### WHAT YOU NEED TO DO
Write out exactly the lines of the material below, beginning at the top and ending at the line that contains "N (hat_phi r".

### DATA FOR THIS EXERCISE

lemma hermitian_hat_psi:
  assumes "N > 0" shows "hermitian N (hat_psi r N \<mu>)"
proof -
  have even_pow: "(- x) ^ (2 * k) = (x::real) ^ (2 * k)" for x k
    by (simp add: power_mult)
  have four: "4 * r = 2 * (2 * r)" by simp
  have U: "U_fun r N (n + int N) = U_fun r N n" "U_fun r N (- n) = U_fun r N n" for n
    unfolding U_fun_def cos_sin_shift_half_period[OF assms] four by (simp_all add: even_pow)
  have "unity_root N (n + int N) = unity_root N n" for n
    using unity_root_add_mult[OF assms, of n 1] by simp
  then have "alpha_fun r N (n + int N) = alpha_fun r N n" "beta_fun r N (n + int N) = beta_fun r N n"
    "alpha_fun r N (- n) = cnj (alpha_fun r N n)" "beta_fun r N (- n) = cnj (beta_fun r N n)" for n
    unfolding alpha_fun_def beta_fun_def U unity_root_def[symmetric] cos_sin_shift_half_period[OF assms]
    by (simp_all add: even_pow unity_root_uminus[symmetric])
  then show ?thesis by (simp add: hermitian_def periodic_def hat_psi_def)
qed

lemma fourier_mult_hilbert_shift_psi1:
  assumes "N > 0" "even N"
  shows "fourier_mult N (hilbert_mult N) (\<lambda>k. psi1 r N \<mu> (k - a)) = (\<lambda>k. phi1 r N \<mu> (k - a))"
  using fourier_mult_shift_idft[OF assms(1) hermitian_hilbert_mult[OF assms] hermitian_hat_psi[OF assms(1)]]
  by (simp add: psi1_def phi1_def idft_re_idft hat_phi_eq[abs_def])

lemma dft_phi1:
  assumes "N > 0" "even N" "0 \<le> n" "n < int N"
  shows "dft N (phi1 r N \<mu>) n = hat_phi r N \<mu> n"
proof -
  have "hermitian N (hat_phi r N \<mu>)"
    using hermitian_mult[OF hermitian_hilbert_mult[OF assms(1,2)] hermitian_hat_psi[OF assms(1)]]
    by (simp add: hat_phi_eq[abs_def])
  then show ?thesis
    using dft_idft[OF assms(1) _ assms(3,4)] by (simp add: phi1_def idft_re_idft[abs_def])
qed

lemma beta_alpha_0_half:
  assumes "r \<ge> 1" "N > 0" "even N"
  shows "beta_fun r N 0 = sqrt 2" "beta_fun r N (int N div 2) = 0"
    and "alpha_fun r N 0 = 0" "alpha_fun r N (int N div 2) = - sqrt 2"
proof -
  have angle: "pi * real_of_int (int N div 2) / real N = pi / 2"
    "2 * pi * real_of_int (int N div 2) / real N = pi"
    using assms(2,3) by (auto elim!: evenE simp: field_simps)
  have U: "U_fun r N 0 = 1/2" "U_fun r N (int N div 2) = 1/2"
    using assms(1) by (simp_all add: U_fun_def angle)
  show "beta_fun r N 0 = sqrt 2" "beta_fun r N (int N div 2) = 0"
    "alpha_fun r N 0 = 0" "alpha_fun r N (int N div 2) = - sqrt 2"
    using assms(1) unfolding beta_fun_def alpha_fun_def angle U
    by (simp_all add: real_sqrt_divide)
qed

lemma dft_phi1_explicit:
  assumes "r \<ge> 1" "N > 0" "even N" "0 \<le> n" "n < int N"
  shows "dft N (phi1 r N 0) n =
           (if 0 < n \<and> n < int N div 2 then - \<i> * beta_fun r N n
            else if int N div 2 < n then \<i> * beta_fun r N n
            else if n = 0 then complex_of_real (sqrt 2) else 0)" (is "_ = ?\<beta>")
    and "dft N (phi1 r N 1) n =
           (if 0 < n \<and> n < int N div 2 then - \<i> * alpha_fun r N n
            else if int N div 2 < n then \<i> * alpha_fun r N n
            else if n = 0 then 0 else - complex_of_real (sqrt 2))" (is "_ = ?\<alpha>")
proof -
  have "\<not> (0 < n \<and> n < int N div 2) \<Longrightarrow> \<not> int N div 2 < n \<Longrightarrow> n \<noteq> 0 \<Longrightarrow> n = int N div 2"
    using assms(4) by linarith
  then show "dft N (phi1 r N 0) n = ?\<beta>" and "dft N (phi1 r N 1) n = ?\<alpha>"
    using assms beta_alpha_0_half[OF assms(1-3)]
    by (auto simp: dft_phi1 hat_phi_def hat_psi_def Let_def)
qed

### YOUR SOLUTION
lemma hermitian_hat_psi:
  assumes "N > 0" shows "hermitian N (hat_psi r N \<mu>)"
proof -
  have even_pow: "(- x) ^ (2 * k) = (x::real) ^ (2 * k)" for x k
    by (simp add: power_mult)
  have four: "4 * r = 2 * (2 * r)" by simp
  have U: "U_fun r N (n + int N) = U_fun r N n" "U_fun r N (- n) = U_fun r N n" for n
    unfolding U_fun_def cos_sin_shift_half_period[OF assms] four by (simp_all add: even_pow)
  have "unity_root N (n + int N) = unity_root N n" for n
    using unity_root_add_mult[OF assms, of n 1] by simp
  then have "alpha_fun r N (n + int N) = alpha_fun r N n" "beta_fun r N (n + int N) = beta_fun r N n"
    "alpha_fun r N (- n) = cnj (alpha_fun r N n)" "beta_fun r N (- n) = cnj (beta_fun r N n)" for n
    unfolding alpha_fun_def beta_fun_def U unity_root_def[symmetric] cos_sin_shift_half_period[OF assms]
    by (simp_all add: even_pow unity_root_uminus[symmetric])
  then show ?thesis by (simp add: hermitian_def periodic_def hat_psi_def)
qed

lemma fourier_mult_hilbert_shift_psi1:
  assumes "N > 0" "even N"
  shows "fourier_mult N (hilbert_mult N) (\<lambda>k. psi1 r N \<mu> (k - a)) = (\<lambda>k. phi1 r N \<mu> (k - a))"
  using fourier_mult_shift_idft[OF assms(1) hermitian_hilbert_mult[OF assms] hermitian_hat_psi[OF assms(1)]]
  by (simp add: psi1_def phi1_def idft_re_idft hat_phi_eq[abs_def])

lemma dft_phi1:
  assumes "N > 0" "even N" "0 \<le> n" "n < int N"
  shows "dft N (phi1 r N \<mu>) n = hat_phi r N \<mu> n"
proof -
  have "hermitian N (hat_phi r N \<mu>)"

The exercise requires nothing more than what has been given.